Sub-ohmming is like climbing in that it's an enjoyable hobby that can be safe, but that carries inherent risks. It's in a range where a tiny change in resistance results in a relatively large change in current. Ideally, we'd like to be able to accurately measure resistance in at least hundredths, if not thousandths of an ohm, in order to estimate current, and there's expensive lab equipment that can do that.

The less expensive, uncalibrated multimeters and ohmmeters we use, or the circuits in regulated mods, are often ± 0.1Ω in error, and can be even more than that. The coil we measure at 0.5Ω, could VERY likely be anything between 0.4Ω or 0.6Ω, and a bit less likely even higher or lower. It would be good if we know someone with access to calibrated lab equipment to compare our meters to.

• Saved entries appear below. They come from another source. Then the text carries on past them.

(* Let $L$ be a finite-dimensional Lie algebra over an algebraically closed field $F$ of any characteristic. Then $L$ has a maximal subalgebra $M$ that is abelian if and only if either (i) $L$ has an abelian ideal of codimension one in $L$; or (ii) $L^{(1)}$ has dimension one and $\phi(L)=0$. In either case, $L$ is completely solvable.
   Context: $L^{(1)}=[L,L]$. $L$ is completely solvable if $L^{(1)}$ is nilpotent. $\phi(L)$ is the Frattini ideal: the largest ideal of $L$ contained in the intersection of all maximal subalgebras of $L$. *)

theory Defs
  imports Main "HOL-Computational_Algebra.Polynomial"
begin

definition alg_closed_field :: "'a::field itself \<Rightarrow> bool" where
  "alg_closed_field _ \<longleftrightarrow> (\<forall>p :: 'a poly. degree p > 0 \<longrightarrow> (\<exists>x. poly p x = 0))"

definition lie_algebra :: "('a::field \<Rightarrow> 'v::ab_group_add \<Rightarrow> 'v) \<Rightarrow> ('v \<Rightarrow> 'v \<Rightarrow> 'v) \<Rightarrow> bool" where
  "lie_algebra sc br \<longleftrightarrow> vector_space sc
     \<and> (\<forall>x. Vector_Spaces.linear sc sc (br x))
     \<and> (\<forall>y. Vector_Spaces.linear sc sc (\<lambda>x. br x y))
     \<and> (\<forall>x. br x x = 0)
     \<and> (\<forall>x y z. br x (br y z) + br y (br z x) + br z (br x y) = 0)"

definition fin_dim :: "('a::field \<Rightarrow> 'v::ab_group_add \<Rightarrow> 'v) \<Rightarrow> bool" where
  "fin_dim sc \<longleftrightarrow> (\<exists>B. finite B \<and> module.span sc B = UNIV)"
(* For all $c\in[0,\overline{c}]$, $\lim_{x\to\infty}V(x,c)=\overline{c}/q$.
   Context: Cramér–Lundberg model: the uncontrolled surplus is $X_t=x+pt-\sum_{i=1}^{N_t}U_i$, where $x\ge0$ is the initial surplus, $p>0$ the premium rate, $N_t$ a Poisson process with intensity $\beta>0$, and the claims $U_i$ are i.i.d. positive random variables, independent of $N$, with continuous distribution function $F$; $p>\beta\mathbb{E}[U_1]$. Standing assumption (A1): $F$ is globally Lipschitz with constant $K>0$. Let $(\mathcal{F}_t)$ be the completed filtration generated by $X$. Fix $\overline{c}>0$ and $q>0$. $\Pi_{x,c,\overline{c}}$ is the set of càdlàg, adapted, non-decreasing processes $C$ with $c\le C_t\le\overline{c}$; $X^C_t=X_t-\int_0^tC_sds$ ($X_0=x$), $\tau=\inf\{t\ge0:X^C_t<0\}$, $J(x;C)=\mathbb{E}[\int_0^\tau e^{-qs}C_sds]$, $V(x,c)=\sup_{C\in\Pi_{x,c,\overline{c}}}J(x;C)$. Convention: only strategies are considered such that if $C_{t^-}=p$ and $X^C_t=0$ for some $t>0$ then $C_s=p$ for $s\ge t$ until ruin; the only strategy in $\Pi_{0,p,\overline{c}}$ is to pay at rate $p$ until the first claim. *)

theory Defs
  imports "HOL-Probability.Probability"
begin

text \<open>The Poisson process N
with intensity beta is realised through i.i.d. Exp(beta) inter-arrival times T i:
the n-th claim arrives at time T 0 + ... + T n.\<close>

definition CL_N :: "(nat \<Rightarrow> 'a \<Rightarrow> real) \<Rightarrow> real \<Rightarrow> 'a \<Rightarrow> nat" where
  "CL_N T t \<omega> = card {n. (\<Sum>i\<le>n. T i \<omega>) \<le> t}"

definition CL_X :: "real \<Rightarrow> real \<Rightarrow> (nat \<Rightarrow> 'a \<Rightarrow> real) \<Rightarrow> (nat \<Rightarrow> 'a \<Rightarrow> real)
    \<Rightarrow> real \<Rightarrow> 'a \<Rightarrow> real" where
  "CL_X x p T U t \<omega> = x + p * t - (\<Sum>i<CL_N T t \<omega>. U i \<omega>)"

definition CL_XC :: "real \<Rightarrow> real \<Rightarrow> (nat \<Rightarrow> 'a \<Rightarrow> real) \<Rightarrow> (nat \<Rightarrow> 'a \<Rightarrow> real)
    \<Rightarrow> (real \<Rightarrow> 'a \<Rightarrow> real) \<Rightarrow> real \<Rightarrow> 'a \<Rightarrow> real" where
  "CL_XC x p T U C t \<omega> = CL_X x p T U t \<omega> - integral {0..t} (\<lambda>s. C s \<omega>)"

definition ruin_time :: "real \<Rightarrow> real \<Rightarrow> (nat \<Rightarrow> 'a \<Rightarrow> real) \<Rightarrow> (nat \<Rightarrow> 'a \<Rightarrow> real)
    \<Rightarrow> (real \<Rightarrow> 'a \<Rightarrow> real) \<Rightarrow> 'a \<Rightarrow> ereal" where
  "ruin_time x p T U C \<omega> = Inf {ereal t | t. 0 \<le> t \<and> CL_XC x p T U C t \<omega> < 0}"

definition CL_filtration :: "'a measure \<Rightarrow> real \<Rightarrow> real \<Rightarrow> (nat \<Rightarrow> 'a \<Rightarrow> real)
    \<Rightarrow> (nat \<Rightarrow> 'a \<Rightarrow> real) \<Rightarrow> real \<Rightarrow> 'a set set" where
  "CL_filtration M x p T U t =
     {A. A \<subseteq> space M \<and>
        (\<exists>B \<in> sigma_sets (space M)
               {CL_X x p T U s -` D \<inter> space M | s D. 0 \<le> s \<and> s \<le> t \<and> D \<in> sets borel}.
          \<exists>N \<in> null_sets M. (A - B) \<union> (B - A) \<subseteq> N)}"

definition admissible :: "'a measure \<Rightarrow> real \<Rightarrow> real \<Rightarrow> (nat \<Rightarrow> 'a \<Rightarrow> real)
    \<Rightarrow> (nat \<Rightarrow> 'a \<Rightarrow> real) \<Rightarrow> real \<Rightarrow> real \<Rightarrow> (real \<Rightarrow> 'a \<Rightarrow> real) \<Rightarrow> bool" where
  "admissible M x p T U c cbar C \<longleftrightarrow>
     \<comment> \<open>cadlag paths\<close>
     (\<forall>\<omega>\<in>space M. \<forall>t\<ge>0. continuous (at_right t) (\<lambda>s. C s \<omega>)) \<and>
     (\<forall>\<omega>\<in>space M. \<forall>t>0. \<exists>l. ((\<lambda>s. C s \<omega>) \<longlongrightarrow> l) (at_left t)) \<and>
     \<comment> \<open>adapted to the completed filtration generated by X\<close>
     (\<forall>t\<ge>0. \<forall>D\<in>sets borel. {\<omega>\<in>space M. C t \<omega> \<in> D} \<in> CL_filtration M x p T U t) \<and>
     \<comment> \<open>non-decreasing, with values in [c, cbar]\<close>
     (\<forall>\<omega>\<in>space M. mono_on {0..} (\<lambda>t. C t \<omega>)) \<and>
     (\<forall>\<omega>\<in>space M. \<forall>t\<ge>0. c \<le> C t \<omega> \<and> C t \<omega> \<le> cbar) \<and>
     \<comment> \<open>convention: once paying p with zero surplus, keep paying p until ruin\<close>
     (\<forall>\<omega>\<in>space M. \<forall>t>0.
        ((\<lambda>s. C s \<omega>) \<longlongrightarrow> p) (at_left t) \<and> CL_XC x p T U C t \<omega> = 0 \<longrightarrow>
        (\<forall>s\<ge>t. ereal s < ruin_time x p T U C \<omega> \<longrightarrow> C s \<omega> = p)) \<and>
     \<comment> \<open>convention: the only strategy in Pi_{0,p,cbar} pays p until the first claim (= ruin)\<close>
     (x = 0 \<and> c = p \<longrightarrow>
        (\<forall>\<omega>\<in>space M. \<forall>t\<ge>0. ereal t < ruin_time x p T U C \<omega> \<longrightarrow> C t \<omega> = p))"

definition CL_J :: "'a measure \<Rightarrow> real \<Rightarrow> real \<Rightarrow> real \<Rightarrow> (nat \<Rightarrow> 'a \<Rightarrow> real)
    \<Rightarrow> (nat \<Rightarrow> 'a \<Rightarrow> real) \<Rightarrow> (real \<Rightarrow> 'a \<Rightarrow> real) \<Rightarrow> ennreal" where
  "CL_J M q x p T U C =
     (\<integral>\<^sup>+ \<omega>. (\<integral>\<^sup>+ s. indicator {s. 0 \<le> s \<and> ereal s < ruin_time x p T U C \<omega>} s
                     * ennreal (exp (- q * s) * C s \<omega>) \<partial>lborel) \<partial>M)"

definition CL_V :: "'a measure \<Rightarrow> real \<Rightarrow> real \<Rightarrow> real \<Rightarrow> (nat \<Rightarrow> 'a \<Rightarrow> real)
    \<Rightarrow> (nat \<Rightarrow> 'a \<Rightarrow> real) \<Rightarrow> real \<Rightarrow> real \<Rightarrow> ennreal" where
  "CL_V M q cbar p T U x c =
     (SUP C \<in> {C. admissible M x p T U c cbar C}. CL_J M q x p T U C)"

end

theory Submission
  imports Defs
begin

text \<open>
  No strategy beats paying the maximal rate \<open>cbar\<close> forever, which is worth
  \<open>\<integral> cbar exp(-q s) ds = cbar/q\<close> over \<open>[0, \<infinity>)\<close>. Conversely, pay \<open>cbar\<close> from the start and
  fix a horizon \<open>t0\<close> with \<open>exp(-q t0) = \<eta>\<close>. With probability at least \<open>1 - \<eta>/2\<close> at most
  \<open>n\<close> claims arrive before \<open>t0 + 1\<close>, because \<open>n + 1\<close> independent exponential inter-arrival
  times are unlikely to all be short; and with probability at least \<open>1 - \<eta>/2\<close> these \<open>n\<close>
  claims together with the dividends paid up to \<open>t0 + 1\<close> stay below \<open>x\<close> once \<open>x\<close> is large.
  On the intersection of the two events there is no ruin before \<open>t0 + 1\<close>, so
  \<open>V(x, c) \<ge> (cbar/q)(1 - \<eta>)\<^sup>2\<close> for all large \<open>x\<close>.
\<close>

lemma (in prob_space) indep_sets_reindex:
  assumes "indep_sets F (f ` I)" and "inj_on f I"
  shows "indep_sets (\<lambda>i. F (f i)) I"
proof (rule indep_setsI)
  show "F (f i) \<subseteq> events" if "i \<in> I" for i
    using assms(1) that by (auto simp: indep_sets_def)
next
  fix A J assume J: "J \<noteq> {}" "J \<subseteq> I" "finite J" and A: "\<forall>j\<in>J. A j \<in> F (f j)"
  define B where "B = A \<circ> the_inv_into I f"
  have inj: "inj_on f J" using assms(2) J(2) by (rule inj_on_subset)
  have B: "B (f j) = A j" if "j \<in> J" for j
    using the_inv_into_f_f[OF assms(2)] that J(2) by (auto simp: B_def)
  have "prob (\<Inter>k\<in>f ` J. B k) = (\<Prod>k\<in>f ` J. prob (B k))"
    by (rule indep_setsD[OF assms(1)]) (use J A B in auto)
  then show "prob (\<Inter>j\<in>J. A j) = (\<Prod>j\<in>J. prob (A j))"
    by (simp add: prod.reindex[OF inj] B)
qed

lemma (in prob_space) indep_vars_reindex:
  assumes "indep_vars M' X (f ` I)" and "inj_on f I"
  shows "indep_vars (\<lambda>i. M' (f i)) (\<lambda>i. X (f i)) I"
  using assms indep_sets_reindex[of "\<lambda>k. {X k -` A \<inter> space M |A. A \<in> sets (M' k)}" f I]
  by (auto simp: indep_vars_def2)

lemma (in prob_space) AE_exponential_nonneg:
  fixes T :: "nat \<Rightarrow> 'a \<Rightarrow> real"
  assumes "\<And>i. distributed M lborel (T i) (exponential_density \<beta>)" and "0 < \<beta>"
  shows "AE \<omega> in M. \<forall>i. 0 \<le> T i \<omega>"
proof -
  have "prob {\<omega>\<in>space M. T i \<omega> \<le> 0} = 0" for i
    using exponential_distributedD_le[OF assms(1) order_refl assms(2)] by simp
  then have "AE \<omega> in M. 0 < T i \<omega>" for i
    using distributed_measurable[OF assms(1)]
    by (subst AE_iff_measurable[of "{\<omega>\<in>space M. T i \<omega> \<le> 0}"]) (auto simp: emeasure_eq_measure)
  then have "AE \<omega> in M. 0 \<le> T i \<omega>" for i
    by (rule eventually_mono[OF _ less_imp_le])
  then show ?thesis by (simp add: AE_all_countable)
qed

lemma (in prob_space) prob_all_le_exponential:
  fixes T :: "nat \<Rightarrow> 'a \<Rightarrow> real"
  assumes indep: "indep_vars (\<lambda>_. borel) T UNIV"
    and distr: "\<And>i. distributed M lborel (T i) (exponential_density \<beta>)"
    and "0 < \<beta>" and "0 \<le> b"
  shows "prob {\<omega>\<in>space M. \<forall>i\<le>n. T i \<omega> \<le> b} = (1 - exp (- b * \<beta>)) ^ Suc n"
proof -
  have "{\<omega>\<in>space M. \<forall>i\<le>n. T i \<omega> \<le> b} = (\<Inter>i\<in>{..n}. T i -` {..b} \<inter> space M)"
    by auto
  also have "prob \<dots> = (\<Prod>i\<le>n. prob (T i -` {..b} \<inter> space M))"
    by (rule indep_varsD[OF indep]) auto
  also have "\<dots> = (\<Prod>i\<le>n. 1 - exp (- b * \<beta>))"
    using exponential_distributedD_le[OF distr assms(4,3)]
    by (intro prod.cong refl) (simp add: vimage_def Int_def conj_commute)
  finally show ?thesis by simp
qed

Other than that, we need to leave a safety margin. With a really good mod, atty, and battery combo, we might get 4.0 volts across a mid-sub-ohm coil. Again, our quality of meter may be ±0.1V or more off. If our battery is rated at 10A, 4.0V/10A = 0.4Ω. That's why some of us stick to 0.5Ω as a measured minimum and some stay higher.

It's also why those operating in these ranges should look for a battery with higher than a 10 amp maximum continuous current rating. A climber wouldn't use a component at its maximum rating. Higher rated batteries are easy to find. The 1600 mAH AW IMR 18650 is rated 15C, or 15 x 1.6AH = 24A as a common example.

Finally, if we're going to spend a few dollars more for good batteries, it only takes a few dollars more to get a well-reputed charger to care for and get the best life from them, not to mention to avoid a fire.